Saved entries
>>>>

text \<open>Test the lower bound with \<delta> = \<theta> / slope 0.\<close>
lemma slope_0_less:
  assumes h_le: "\<And>s. s \<in> {0<..<c} \<Longrightarrow> h s \<le> M" and "0 < \<epsilon>" "0 < \<theta>" "\<theta> \<le> \<epsilon> * c"
    and small: "M * \<theta> powr (p + 1) \<le> \<epsilon>\<^sup>2 / 2"
    and dirichlet: "integral {0..c} (\<lambda>s. (deriv w s)\<^sup>2) < \<epsilon> * \<theta> / 4"
  shows "slope 0 < \<epsilon>"
proof (rule ccontr)
  define a where "a = slope 0"
  assume "\<not> slope 0 < \<epsilon>"
  then have "\<epsilon> \<le> a" unfolding a_def by simp
  then have "\<epsilon>\<^sup>2 \<le> a\<^sup>2" using \<open>0 < \<epsilon>\<close> by (intro power_mono) auto
  have "\<theta> / a \<le> \<theta> / \<epsilon>" using \<open>\<epsilon> \<le> a\<close> \<open>0 < \<epsilon>\<close> \<open>0 < \<theta>\<close> by (intro divide_left_mono) auto
  also have "\<dots> \<le> c" using \<open>\<theta> \<le> \<epsilon> * c\<close> \<open>0 < \<epsilon>\<close> by (simp add: field_simps)
  finally have "\<theta> / a \<le> c" .
  have "M * (a * (\<theta> / a)) powr p * (\<theta> / a) = M * \<theta> powr (p + 1) / a"
    using \<open>0 < \<epsilon>\<close> \<open>\<epsilon> \<le> a\<close> \<open>0 < \<theta>\<close> by (simp add: powr_add)
  also have "\<dots> \<le> a\<^sup>2 / 2 / a"
    using small \<open>\<epsilon>\<^sup>2 \<le> a\<^sup>2\<close> \<open>0 < \<epsilon>\<close> \<open>\<epsilon> \<le> a\<close> by (intro divide_right_mono) linarith+
  also have "\<dots> = a / 2" by (simp add: power2_eq_square)
  finally have "a\<^sup>2 * (\<theta> / a) / 4 \<le> integral {0..c} (\<lambda>s. (deriv w s)\<^sup>2)"
    using dirichlet_lower_bound[OF h_le, of "\<theta> / a"] \<open>\<theta> / a \<le> c\<close> \<open>0 < \<epsilon>\<close> \<open>\<epsilon> \<le> a\<close> \<open>0 < \<theta>\<close>
    unfolding a_def by simp
  moreover have "a\<^sup>2 * (\<theta> / a) / 4 = a * \<theta> / 4"
    using \<open>0 < \<epsilon>\<close> \<open>\<epsilon> \<le> a\<close> by (simp add: power2_eq_square)
  moreover have "\<epsilon> * \<theta> / 4 \<le> a * \<theta> / 4"
    using \<open>\<epsilon> \<le> a\<close> \<open>0 < \<theta>\<close> by (simp add: mult_right_mono)
  ultimately show False using dirichlet by linarith
qed

end

lemma rayleigh_nonneg: "H10 c w g \<Longrightarrow> 0 \<le> rayleigh h p c w g"
  unfolding H10_def rayleigh_def by (auto intro!: divide_nonneg_nonneg integral_nonneg)

lemma energy_le_rayleigh:
  assumes "H10 c w g" "s \<in> {0..c}" "w s \<noteq> 0"
  shows "energy h p c \<le> rayleigh h p c w g"
  unfolding energy_def
proof (rule cInf_lower)
  show "rayleigh h p c w g \<in> {rayleigh h p c w g |w g. H10 c w g \<and> (\<exists>s\<in>{0..c}. w s \<noteq> 0)}"
    using assms by blast
qed (auto intro!: bdd_belowI[of _ 0] rayleigh_nonneg)

lemma H10_parabola: "0 < c \<Longrightarrow> H10 c (\<lambda>x. 2 * x * (c - x) / c) (\<lambda>x. 2 - 4 * x / c)"
proof -
  assume c: "0 < c"
  have "integral {0..x} (\<lambda>x. 2 - 4 * x / c) = 2 * x * (c - x) / c" if "0 \<le> x" for x
  proof -
    have "((\<lambda>x. 2 - 4 * x / c) has_integral 2 * x * (c - x) / c - 2 * 0 * (c - 0) / c) {0..x}"
      using that c
      by (intro fundamental_theorem_of_calculus)
         (auto intro!: derivative_eq_intros
           simp: has_real_derivative_iff_has_vector_derivative[symmetric] field_simps)
    then show ?thesis by (simp add: integral_unique)
  qed
  with c show ?thesis
    unfolding H10_def by (auto intro!: integrable_continuous_interval continuous_intros)
qed

lemma energy_nonneg: "0 < c \<Longrightarrow> 0 \<le> energy h p c"
  unfolding energy_def
proof (rule cInf_greatest)
  assume "0 < c"
  then have "2 * (c/2) * (c - c/2) / c \<noteq> 0" "c/2 \<in> {0..c}" by auto
  with H10_parabola[OF \<open>0 < c\<close>]
  show "{rayleigh h p c w g |w g. H10 c w g \<and> (\<exists>s\<in>{0..c}. w s \<noteq> 0)} \<noteq> {}" by blast
qed (auto intro: rayleigh_nonneg)

lemma integral_parabola_deriv_square:
  "0 < (c::real) \<Longrightarrow> integral {0..c} (\<lambda>x. (2 - 4 * x / c)\<^sup>2) = 4 * c / 3"
proof -
  assume c: "0 < c"
  have "((\<lambda>x. (2 - 4 * x / c)\<^sup>2) has_integral
      (- (c/12) * (2 - 4 * c / c) ^ 3) - (- (c/12) * (2 - 4 * 0 / c) ^ 3)) {0..c}"
    using c
    by (intro fundamental_theorem_of_calculus)
       (auto intro!: derivative_eq_intros simp: has_real_derivative_iff_has_vector_derivative[symmetric]
         field_simps power2_eq_square, algebra)
  then show ?thesis using c by (simp add: integral_unique)
qed

lemma integral_parabola_potential_ge:
  fixes h :: "real \<Rightarrow> real" and p c :: real
  assumes p: "-1 < p" and c: "0 < c"
    and h: "continuous_on {0..c} h" "\<And>s. s \<in> {0<..c} \<Longrightarrow> 0 \<le> h s"
  shows "integral {0..c/2} (\<lambda>s. s powr (p + 1) * h s)
    \<le> integral {0..c} (\<lambda>s. h s * \<bar>2 * s * (c - s) / c\<bar> powr (p + 1))"
proof -
  define f where "f s = h s * \<bar>2 * s * (c - s) / c\<bar> powr (p + 1)" for s
  have f: "continuous_on {0..c} f"
    unfolding f_def using p c by (intro continuous_intros h continuous_on_powr') auto
  then have f_int: "f integrable_on {x..y}" if "0 \<le> x" "y \<le> c" for x y
    by (rule integrable_continuous_interval[OF continuous_on_subset]) (use that in auto)
  have "integral {0..c/2} (\<lambda>s. s powr (p + 1) * h s) \<le> integral {0..c/2} f"
  proof (rule integral_le)
    show "(\<lambda>s. s powr (p + 1) * h s) integrable_on {0..c/2}"
      using p c
      by (intro integrable_continuous_interval continuous_intros continuous_on_powr'
          continuous_on_subset[OF h(1)]) auto
    fix s assume s: "s \<in> {0..c/2}"
    then have "0 \<le> s * (c - 2 * s)" by simp
    then have "s \<le> 2 * s * (c - s) / c" using c by (simp add: le_divide_eq algebra_simps)
    then have "s powr (p + 1) \<le> \<bar>2 * s * (c - s) / c\<bar> powr (p + 1)"
      using s p by (intro powr_mono2) auto
    then show "s powr (p + 1) * h s \<le> f s"
      unfolding f_def using h(2)[of s] s c
      by (cases "s = 0") (auto simp: mult.commute intro: mult_left_mono)
  qed (use c f_int in auto)
  also have "\<dots> \<le> integral {0..c/2} f + integral {c/2..c} f"
    using c h(2) unfolding f_def by (intro add_increasing2 integral_nonneg f_int[unfolded f_def]) auto
  also have "\<dots> = integral {0..c} f"
    using c by (intro Henstock_Kurzweil_Integration.integral_combine f_int) auto
  finally show ?thesis unfolding f_def .
qed

lemma energy_le_parabola:
  fixes h :: "real \<Rightarrow> real" and p c :: real
  defines "I \<equiv> integral {0..c/2} (\<lambda>s. s powr (p + 1) * h s)"
  assumes p: "-1 < p" and c: "0 < c"
    and h: "continuous_on {0..c} h" "\<And>s. s \<in> {0<..c} \<Longrightarrow> 0 \<le> h s" and I: "0 < I"
  shows "energy h p c \<le> 4 * c / 3 / I powr (2 / (p + 1))"
proof -
  define v where "v x = 2 * x * (c - x) / c" for x
  define D where "D = integral {0..c} (\<lambda>s. h s * \<bar>v s\<bar> powr (p + 1))"
  have "I \<le> D"
    unfolding I_def D_def v_def by (rule integral_parabola_potential_ge[OF p c h])
  have "v (c/2) \<noteq> 0" using c by (simp add: v_def)
  then have "energy h p c \<le> rayleigh h p c v (\<lambda>x. 2 - 4 * x / c)"
    using energy_le_rayleigh[OF H10_parabola[OF c], of "c/2"] c unfolding v_def[abs_def] by simp
  also have "\<dots> = 4 * c / 3 / D powr (2 / (p + 1))"
    unfolding rayleigh_def D_def integral_parabola_deriv_square[OF c] ..
  also have "\<dots> \<le> 4 * c / 3 / I powr (2 / (p + 1))"
    using c I \<open>I \<le> D\<close> p by (intro divide_left_mono powr_mono2 mult_pos_pos) auto
  finally show ?thesis .
qed
lemma mult_exp_minus_le: "0 \<le> x \<Longrightarrow> 0 < a \<Longrightarrow> x * exp (- (a * x)) \<le> 1 / a" for x a :: real
proof -
  assume "0 \<le> x" "0 < a"
  moreover have "a * x \<le> exp (a * x)"
    using exp_ge_add_one_self[of "a * x"] by linarith
  ultimately show ?thesis by (simp add: exp_minus field_simps)
qed

lemma square_mult_exp_minus_le: "0 \<le> x \<Longrightarrow> 0 < a \<Longrightarrow> x\<^sup>2 * exp (- (a * x)) \<le> 2 / a\<^sup>2" for x a :: real
proof -
  assume x: "0 \<le> x" and a: "0 < a"
  have "(a * x)\<^sup>2 / 2 \<le> exp (a * x)"
    using exp_lower_Taylor_quadratic[of "a * x"] x a by (smt (verit) mult_nonneg_nonneg)
  then show ?thesis
    using a by (simp add: exp_minus field_simps power_mult_distrib)
qed

lemma abs_exp_second_difference_le:
  fixes x l h :: real
  assumes x: "0 \<le> x" and l: "0 < l" and h: "\<bar>h\<bar> \<le> l / 2"
  shows "\<bar>exp (- (l + h) * x) - exp (- l * x) + h * (x * exp (- l * x))\<bar> \<le> 4 * h\<^sup>2 / l\<^sup>2"
proof -
  have decay: "exp (- l * x) * exp \<bar>- h * x\<bar> \<le> exp (- ((l / 2) * x))"
    using mult_right_mono[OF h x] x by (simp add: abs_mult flip: exp_add)
  have "exp (- (l + h) * x) - exp (- l * x) + h * (x * exp (- l * x))
      = exp (- l * x) * (exp (- h * x) - 1 - (- h * x))"
    by (simp add: algebra_simps flip: exp_add)
  then have "\<bar>exp (- (l + h) * x) - exp (- l * x) + h * (x * exp (- l * x))\<bar>
      = exp (- l * x) * \<bar>exp (- h * x) - 1 - (- h * x)\<bar>"
    by (simp add: abs_mult)
  also have "\<dots> \<le> exp (- l * x) * (exp \<bar>- h * x\<bar> * (- h * x)\<^sup>2 / 2)"
    by (intro mult_left_mono abs_exp_minus_one_minus_le) auto
  also have "\<dots> = (exp (- l * x) * exp \<bar>- h * x\<bar>) * x\<^sup>2 * (h\<^sup>2 / 2)"
    by (simp add: power_mult_distrib)
  also have "\<dots> \<le> exp (- ((l / 2) * x)) * x\<^sup>2 * (h\<^sup>2 / 2)"
    by (intro mult_right_mono decay) auto
  also have "\<dots> = (x\<^sup>2 * exp (- ((l / 2) * x))) * (h\<^sup>2 / 2)"
    by simp
  also have "\<dots> \<le> (2 / (l / 2)\<^sup>2) * (h\<^sup>2 / 2)"
    by (intro mult_right_mono square_mult_exp_minus_le x) (use l in auto)
  also have "\<dots> = 4 * h\<^sup>2 / l\<^sup>2"
    using l by (simp add: field_simps power2_eq_square)
  finally show ?thesis .
qed

lemma abs_one_minus_exp_minus_le:
  fixes x y :: real
  assumes "0 \<le> y" "y \<le> x"
  shows "\<bar>1 - exp (- x) - y * exp (- x) - (x - y)\<bar> \<le> 2 * x\<^sup>2"
proof -
  have x: "0 \<le> x" using assms by simp
  have lower: "1 - x \<le> exp (- x)"
    using exp_ge_add_one_self[of "- x"] by simp
  have q: "1 + x + x\<^sup>2 / 2 \<le> exp x"
    using exp_lower_Taylor_quadratic[OF x] .
  have qpos: "0 < 1 + x + x\<^sup>2 / 2"
    using x by (simp add: add_pos_nonneg)
  have "exp (- x) \<le> 1 / (1 + x + x\<^sup>2 / 2)"
    using q qpos by (simp add: exp_minus inverse_eq_divide divide_left_mono)
  also have "\<dots> \<le> 1 - x + x\<^sup>2 / 2"
  proof -
    have "1 \<le> (1 + x + x\<^sup>2 / 2) * (1 - x + x\<^sup>2 / 2)"
      using x by (simp add: algebra_simps power2_eq_square power4_eq_xxxx)
    then show ?thesis using qpos by (simp add: field_simps)
  qed
  finally have upper: "exp (- x) \<le> 1 - x + x\<^sup>2 / 2" .
  have "y * (1 - exp (- x)) \<le> x * x"
    using assms lower by (intro mult_mono) auto
  moreover have "0 \<le> y * (1 - exp (- x))"
    using assms by simp
  moreover have "1 - exp (- x) - y * exp (- x) - (x - y) = (1 - exp (- x) - x) + y * (1 - exp (- x))"
    by (simp add: algebra_simps)
  ultimately show ?thesis
    using lower upper x by (simp add: power2_eq_square abs_le_iff)
qed

section \<open>Exponential sums and kernel sums\<close>

definition exp_sum :: "(nat \<Rightarrow> real) \<Rightarrow> nat \<Rightarrow> real \<Rightarrow> real" where
  "exp_sum p m s = (\<Sum>i\<le>m. p i * exp (- ((real i + 1) * s)))"

definition kernel_sum :: "(nat \<Rightarrow> real) \<Rightarrow> nat \<Rightarrow> real \<Rightarrow> real" where
  "kernel_sum q m x = (\<Sum>i\<le>m. q i * gamma2_cdf ((real i + 1) * x))"

lemma exp_sum_uminus: "exp_sum (\<lambda>i. - p i) m s = - exp_sum p m s"
  by (simp add: exp_sum_def sum_negf)

lemma kernel_sum_cmult: "kernel_sum (\<lambda>i. c * q i) m x = c * kernel_sum q m x"
  by (simp add: kernel_sum_def sum_distrib_left mult.assoc)

lemma kernel_sum_0 [simp]: "kernel_sum q m 0 = 0"
  by (simp add: kernel_sum_def)
(* Let $V$ be a finite-dimensional vector space over $k$ with basis $\xi_1,\dots,\xi_n$ and dual basis $\eta_1,\dots,\eta_n$ of $V^*$, and let $\mathfrak a=\mathfrak a(V\oplus V^* )$ be the Weyl Lie algebra. Let $M$ be a vector space, $\mu:\mathfrak a\otimes M\to M$ linear, and let $a:\mathrm{Sym}(V)\otimes M\to\mathrm{Div}(V)\otimes M$ be the corresponding map $a(\xi^\alpha\otimes x)=\sum_\sigma\xi^{[\sigma]}\otimes\mu(\xi^\alpha\eta^\sigma\otimes x)$ (assumed to have finitely many nonzero terms for each $x$). Then $\mu$ defines a representation of the Lie algebra $\mathfrak a$ on $M$ if and only if $[a_1,a_2]=a'-a''$.
   Context: The Weyl algebra $A$ is generated by $\xi_1,\dots,\xi_n,\eta_1,\dots,\eta_n$ with relations $\xi_i\xi_j=\xi_j\xi_i$, $\eta_i\eta_j=\eta_j\eta_i$, $\eta_i\xi_j-\xi_j\eta_i=\delta_{ij}$; the Weyl Lie algebra $\mathfrak a$ is $A$ with the commutator bracket; it has basis the ordered monomials $\xi^\alpha\eta^\sigma=\xi_1^{\alpha_1}\cdots\xi_n^{\alpha_n}\eta_1^{\sigma_1}\cdots\eta_n^{\sigma_n}$ ($\alpha,\sigma\in\mathbb N^n$). $\mathrm{Sym}(V)=k[\xi_1,\dots,\xi_n]$; $\mathrm{Div}(V)$ is the divided power algebra with basis $\xi^{[\sigma]}$, multiplication $\xi^{[\nu]}\xi^{[\mu]}=\binom{\nu+\mu}{\nu}\xi^{[\nu+\mu]}$ and comultiplication $\Delta(\xi^{[\rho]})=\sum_{\nu+\mu=\rho}\xi^{[\nu]}\otimes\xi^{[\mu]}$ (multi-index binomials are products of coordinatewise ones); on $\mathrm{Sym}(V)$, $m$ is multiplication and $\Delta(\xi^\beta)=\sum_\epsilon\binom{\beta}{\epsilon}\xi^\epsilon\otimes\xi^{\beta-\epsilon}$; $\mathrm{avg}:\mathrm{Sym}(V)\to\mathrm{Div}(V)$, $\xi^\epsilon\mapsto\epsilon!\,\xi^{[\epsilon]}$ with $\epsilon!=\prod\epsilon_i!$. Write $S=\mathrm{Sym}(V)$, $D=\mathrm{Div}(V)$, $\tau$ the symmetry of the first two factors. $a_2=\mathrm{id}_S\otimes a$, $a_1=\tau(\mathrm{id}_S\otimes a)\tau$, and $[a_1,a_2]=a_1a_2-a_2a_1:S\otimes S\otimes M\to D\otimes D\otimes M$. $a'$ is the composite $S\otimes S\otimes M\xrightarrow{\mathrm{id}\otimes\Delta\otimes\mathrm{id}}S^{\otimes3}\otimes M\xrightarrow{\tau\otimes\mathrm{id}\otimes\mathrm{id}}S^{\otimes3}\otimes M\xrightarrow{\mathrm{id}\otimes m\otimes\mathrm{id}}S\otimes S\otimes M\xrightarrow{\mathrm{id}\otimes a}S\otimes D\otimes M\xrightarrow{\mathrm{id}\otimes\Delta\otimes\mathrm{id}}S\otimes D\otimes D\otimes M\xrightarrow{\mathrm{avg}\otimes\mathrm{id}}D^{\otimes3}\otimes M\xrightarrow{m\otimes\mathrm{id}\otimes\mathrm{id}}D\otimes D\otimes M$, and $a''=\tau a'\tau$. A representation means $\mu([X,Y]\otimes x)=\mu(X\otimes\mu(Y\otimes x))-\mu(Y\otimes\mu(X\otimes x))$. *)

theory Defs
  imports Complex_Main
begin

<<<<

WHAT THE TASK ASKS -> Which lines should be output? Exactly those from the first line of the data through the line containing "a\<^sup>2 / 2", inclusive.

ANSWER SPACE ->
text \<open>Test the lower bound with \<delta> = \<theta> / slope 0.\<close>
lemma slope_0_less:
  assumes h_le: "\<And>s. s \<in> {0<..<c} \<Longrightarrow> h s \<le> M" and "0 < \<epsilon>" "0 < \<theta>" "\<theta> \<le> \<epsilon> * c"
    and small: "M * \<theta> powr (p + 1) \<le> \<epsilon>\<^sup>2 / 2"
    and dirichlet: "integral {0..c} (\<lambda>s. (deriv w s)\<^sup>2) < \<epsilon> * \<theta> / 4"
  shows "slope 0 < \<epsilon>"
proof (rule ccontr)
  define a where "a = slope 0"
  assume "\<not> slope 0 < \<epsilon>"
  then have "\<epsilon> \<le> a" unfolding a_def by simp
  then have "\<epsilon>\<^sup>2 \<le> a\<^sup>2" using \<open>0 < \<epsilon>\<close> by (intro power_mono) auto
  have "\<theta> / a \<le> \<theta> / \<epsilon>" using \<open>\<epsilon> \<le> a\<close> \<open>0 < \<epsilon>\<close> \<open>0 < \<theta>\<close> by (intro divide_left_mono) auto
  also have "\<dots> \<le> c" using \<open>\<theta> \<le> \<epsilon> * c\<close> \<open>0 < \<epsilon>\<close> by (simp add: field_simps)
  finally have "\<theta> / a \<le> c" .
  have "M * (a * (\<theta> / a)) powr p * (\<theta> / a) = M * \<theta> powr (p + 1) / a"
    using \<open>0 < \<epsilon>\<close> \<open>\<epsilon> \<le> a\<close> \<open>0 < \<theta>\<close> by (simp add: powr_add)
  also have "\<dots> \<le> a\<^sup>2 / 2 / a"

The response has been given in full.